(Records drawn from a dataset)
################

lemma gconv_eq:
  "gconv f g M = (if det M = 1 then \<Sum>X\<in>SL2. f X * g (adjugate2 X ** M) else 0)"
proof -
  have inner: "(\<Sum>Y\<in>SL2. if X ** Y = M then f X * g Y else 0) =
      (if det M = 1 then f X * g (adjugate2 X ** M) else 0)" if "det X = 1" for X
  proof -
    have "(\<Sum>Y\<in>SL2. if X ** Y = M then f X * g Y else 0) =
        (\<Sum>Y\<in>SL2. if Y = adjugate2 X ** M then f X * g (adjugate2 X ** M) else 0)"
      by (rule sum.cong) (auto simp: SL2_mult_eq_iff[OF that])
    also have "\<dots> = (if adjugate2 X ** M \<in> SL2 then f X * g (adjugate2 X ** M) else 0)"
      by (simp add: sum.delta')
    finally show ?thesis using that by (simp add: det_mul)
  qed
  have "gconv f g M = (\<Sum>X\<in>SL2. if det M = 1 then f X * g (adjugate2 X ** M) else 0)"
    unfolding gconv_def by (intro sum.cong refl inner) simp
  then show ?thesis by simp
qed

lemma gconv_assoc: "gconv f (gconv g h) = gconv (gconv f g) (h :: ('a::{field,finite})^2^2 \<Rightarrow> rat)"
proof (rule ext)
  fix M :: "'a^2^2"
  show "gconv f (gconv g h) M = gconv (gconv f g) h M"
  proof (cases "det M = 1")
    case False then show ?thesis by (simp add: gconv_eq)
  next
    case True
    have reindex: "(\<Sum>Z\<in>SL2. g (adjugate2 X ** Z) * h (adjugate2 Z ** M)) =
        (\<Sum>Y\<in>SL2. g Y * h (adjugate2 Y ** (adjugate2 X ** M)))" if "det X = 1" for X
      using sum.reindex_bij_betw[OF bij_betw_mult_left_SL2[OF that],
          of "\<lambda>Z. g (adjugate2 X ** Z) * h (adjugate2 Z ** M)"]
      by (simp add: matrix_mul_assoc adjugate2_mult_left[OF that] adjugate2_mult)
    have "gconv (gconv f g) h M = (\<Sum>Z\<in>SL2. \<Sum>X\<in>SL2. f X * (g (adjugate2 X ** Z) * h (adjugate2 Z ** M)))"
      using True by (simp add: gconv_eq sum_distrib_right mult.assoc)
    also have "\<dots> = (\<Sum>X\<in>SL2. f X * (\<Sum>Z\<in>SL2. g (adjugate2 X ** Z) * h (adjugate2 Z ** M)))"
      by (subst sum.swap) (simp add: sum_distrib_left)
    also have "\<dots> = (\<Sum>X\<in>SL2. f X * (\<Sum>Y\<in>SL2. g Y * h (adjugate2 Y ** (adjugate2 X ** M))))"
      by (intro sum.cong refl) (simp add: reindex)
    also have "\<dots> = gconv f (gconv g h) M"
      using True by (simp add: gconv_eq det_mul)
    finally show ?thesis ..
  qed
qed

lemma gconv_add_left: "gconv (\<lambda>M. f M + g M) h = (\<lambda>M. gconv f h M + gconv g h M)"
  by (rule ext) (simp add: gconv_eq sum.distrib algebra_simps)

lemma gconv_scale_left: "gconv (\<lambda>M. c * f M) h = (\<lambda>M. c * gconv f h M)"
  by (rule ext) (simp add: gconv_eq sum_distrib_left algebra_simps)

section \<open>Left multiplication by \<open>A\<close>, \<open>B\<close> and \<open>D\<^sub>+\<close>\<close>

lemma Fstar_iff [simp]: "x \<in> Fstar \<longleftrightarrow> x \<noteq> 0"
  by (simp add: Fstar_def)

lemma of_nat_card_Fstar: "of_nat (card (Fstar :: 'a::{field,finite} set)) = (of_nat CARD('a) - 1 :: rat)"
proof -
  have "card (Fstar :: 'a set) = CARD('a) - 1"
    by (simp add: Fstar_def card_Diff_singleton)
  moreover have "CARD('a) \<ge> 1" by (simp add: Suc_leI)
  ultimately show ?thesis by (simp add: of_nat_diff)
qed

lemma sum_Fstar_const: "(\<Sum>t\<in>(Fstar :: 'a::{field,finite} set). c) = (of_nat CARD('a) - 1 :: rat) * c"
  by (simp add: of_nat_card_Fstar)

lemma sum_Fstar_mult_left:
  assumes "t \<noteq> (0::'a::{field,finite})"
  shows "(\<Sum>s\<in>Fstar. g (t * s)) = (\<Sum>r\<in>Fstar. (g r :: rat))"
proof -
  have "bij_betw ((*) t) Fstar Fstar"
    using assms by (intro bij_betwI[where g = "(*) (inverse t)"]) auto
  then show ?thesis by (rule sum.reindex_bij_betw)
qed

lemma sum_SL2_filter_param:
  assumes "finite S" "inj_on g S" "{X \<in> (SL2 :: (('a::{field,finite})^2^2) set). P X} = g ` S"
  shows "(\<Sum>X\<in>SL2. if P X then h X else 0) = (\<Sum>s\<in>S. h (g s))"
proof -
  have "(\<Sum>X\<in>SL2. if P X then h X else 0) = (\<Sum>X\<in>{X \<in> (SL2 :: ('a^2^2) set). P X}. h X)"
    by (rule sum.inter_filter[symmetric]) simp
  also have "\<dots> = (\<Sum>s\<in>S. h (g s))"
    unfolding assms(3) using sum.reindex[OF assms(2)] by simp
  finally show ?thesis .
qed

lemma sum_SL2_SC_A:
  "(\<Sum>X\<in>SL2. SC_A X * h X) = (\<Sum>t\<in>Fstar. h (mat2 t 0 0 (inverse t) :: ('a::{field,finite})^2^2))"
proof -
  have "(\<Sum>X\<in>SL2. SC_A X * h X) =
      (\<Sum>X\<in>SL2. if det X = 1 \<and> X$1$1 \<noteq> 0 \<and> X$1$2 = 0 \<and> X$2$1 = 0 \<and> X$2$2 \<noteq> 0 then h X else 0)"
    by (intro sum.cong refl) (simp add: SC_A_def supp_sum_def)
  also have "\<dots> = (\<Sum>t\<in>Fstar. h (mat2 t 0 0 (inverse t)))"
  proof (rule sum_SL2_filter_param)
    show "inj_on (\<lambda>t. mat2 t 0 0 (inverse t) :: 'a^2^2) Fstar"
      by (rule inj_onI) (simp add: vec2_2_eq_iff)
    have param: "X \<in> (\<lambda>t. mat2 t 0 0 (inverse t)) ` Fstar"
      if "X$1$1 * X$2$2 = 1" "X$1$1 \<noteq> 0" "X$1$2 = 0" "X$2$1 = 0" for X :: "'a^2^2"
      using that by (intro rev_image_eqI[of "X$1$1"]) (auto simp: vec2_2_eq_iff field_simps)
    show "{X \<in> SL2. det X = 1 \<and> X$1$1 \<noteq> 0 \<and> X$1$2 = 0 \<and> X$2$1 = 0 \<and> X$2$2 \<noteq> 0} =
        (\<lambda>t. mat2 t 0 0 (inverse t)) ` (Fstar :: 'a set)"
      by (auto simp: det_2 intro: param)
  qed simp
  finally show ?thesis .
qed

lemma sum_SL2_SC_B:
  "(\<Sum>X\<in>SL2. SC_B X * h X) = (\<Sum>t\<in>Fstar. h (mat2 0 t (- inverse t) 0 :: ('a::{field,finite})^2^2))"
proof -
  have "(\<Sum>X\<in>SL2. SC_B X * h X) =
      (\<Sum>X\<in>SL2. if det X = 1 \<and> X$1$1 = 0 \<and> X$1$2 \<noteq> 0 \<and> X$2$1 \<noteq> 0 \<and> X$2$2 = 0 then h X else 0)"
    by (intro sum.cong refl) (simp add: SC_B_def supp_sum_def)
  also have "\<dots> = (\<Sum>t\<in>Fstar. h (mat2 0 t (- inverse t) 0))"
  proof (rule sum_SL2_filter_param)
    show "inj_on (\<lambda>t. mat2 0 t (- inverse t) 0 :: 'a^2^2) Fstar"
      by (rule inj_onI) (simp add: vec2_2_eq_iff)
    have param: "X \<in> (\<lambda>t. mat2 0 t (- inverse t) 0) ` Fstar"
      if "X$1$2 * X$2$1 = -1" "X$1$2 \<noteq> 0" "X$1$1 = 0" "X$2$2 = 0" for X :: "'a^2^2"
      using that by (intro rev_image_eqI[of "X$1$2"]) (auto simp: vec2_2_eq_iff field_simps)
    show "{X \<in> SL2. det X = 1 \<and> X$1$1 = 0 \<and> X$1$2 \<noteq> 0 \<and> X$2$1 \<noteq> 0 \<and> X$2$2 = 0} =
        (\<lambda>t. mat2 0 t (- inverse t) 0) ` (Fstar :: 'a set)"
      by (auto simp: det_2 minus_equation_iff intro: param)
  qed simp
  finally show ?thesis .
qed

lemma sum_SL2_SC_Dp:
  "(\<Sum>X\<in>SL2. SC_Dp X * h X) =
     (\<Sum>t\<in>Fstar. \<Sum>s\<in>Fstar. h (mat2 t s 0 (inverse t) :: ('a::{field,finite})^2^2))"
proof -
  have "(\<Sum>X\<in>SL2. SC_Dp X * h X) =
      (\<Sum>X\<in>SL2. if det X = 1 \<and> X$1$1 \<noteq> 0 \<and> X$1$2 \<noteq> 0 \<and> X$2$1 = 0 \<and> X$2$2 \<noteq> 0 then h X else 0)"
    by (intro sum.cong refl) (simp add: SC_Dp_def supp_sum_def)
  also have "\<dots> = (\<Sum>p\<in>Fstar \<times> Fstar. h ((\<lambda>(t, s). mat2 t s 0 (inverse t)) p))"
  proof (rule sum_SL2_filter_param)
    show "inj_on (\<lambda>(t, s). mat2 t s 0 (inverse t) :: 'a^2^2) (Fstar \<times> Fstar)"
      by (rule inj_onI) (auto simp: vec2_2_eq_iff)
    have param: "X \<in> (\<lambda>(t, s). mat2 t s 0 (inverse t)) ` (Fstar \<times> Fstar)"
      if "X$1$1 * X$2$2 = 1" "X$1$1 \<noteq> 0" "X$1$2 \<noteq> 0" "X$2$1 = 0" for X :: "'a^2^2"
      using that by (intro rev_image_eqI[of "(X$1$1, X$1$2)"]) (auto simp: vec2_2_eq_iff field_simps)
    show "{X \<in> SL2. det X = 1 \<and> X$1$1 \<noteq> 0 \<and> X$1$2 \<noteq> 0 \<and> X$2$1 = 0 \<and> X$2$2 \<noteq> 0} =
        (\<lambda>(t, s). mat2 t s 0 (inverse t)) ` (Fstar \<times> Fstar :: ('a \<times> 'a) set)"
      by (auto simp: det_2 intro: param)
  qed simp
  also have "\<dots> = (\<Sum>t\<in>Fstar. \<Sum>s\<in>Fstar. h (mat2 t s 0 (inverse t)))"
    by (simp add: sum.cartesian_product split_def)
  finally show ?thesis .
qed

definition zero_or_units :: "'a::{field,finite} set \<Rightarrow> bool" where
  "zero_or_units P \<longleftrightarrow> P = {0} \<or> P = Fstar"

lemma zero_or_units_simps [simp]: "zero_or_units {0}" "zero_or_units Fstar"
  by (simp_all add: zero_or_units_def)

lemma zero_or_units_mult_iff: "c \<noteq> 0 \<Longrightarrow> zero_or_units P \<Longrightarrow> c * x \<in> P \<longleftrightarrow> x \<in> P"
  by (auto simp: zero_or_units_def)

################

## Exercise prompt
Respond with a single number, namely how many lines of the entries contain the word "that".

## The completed task
7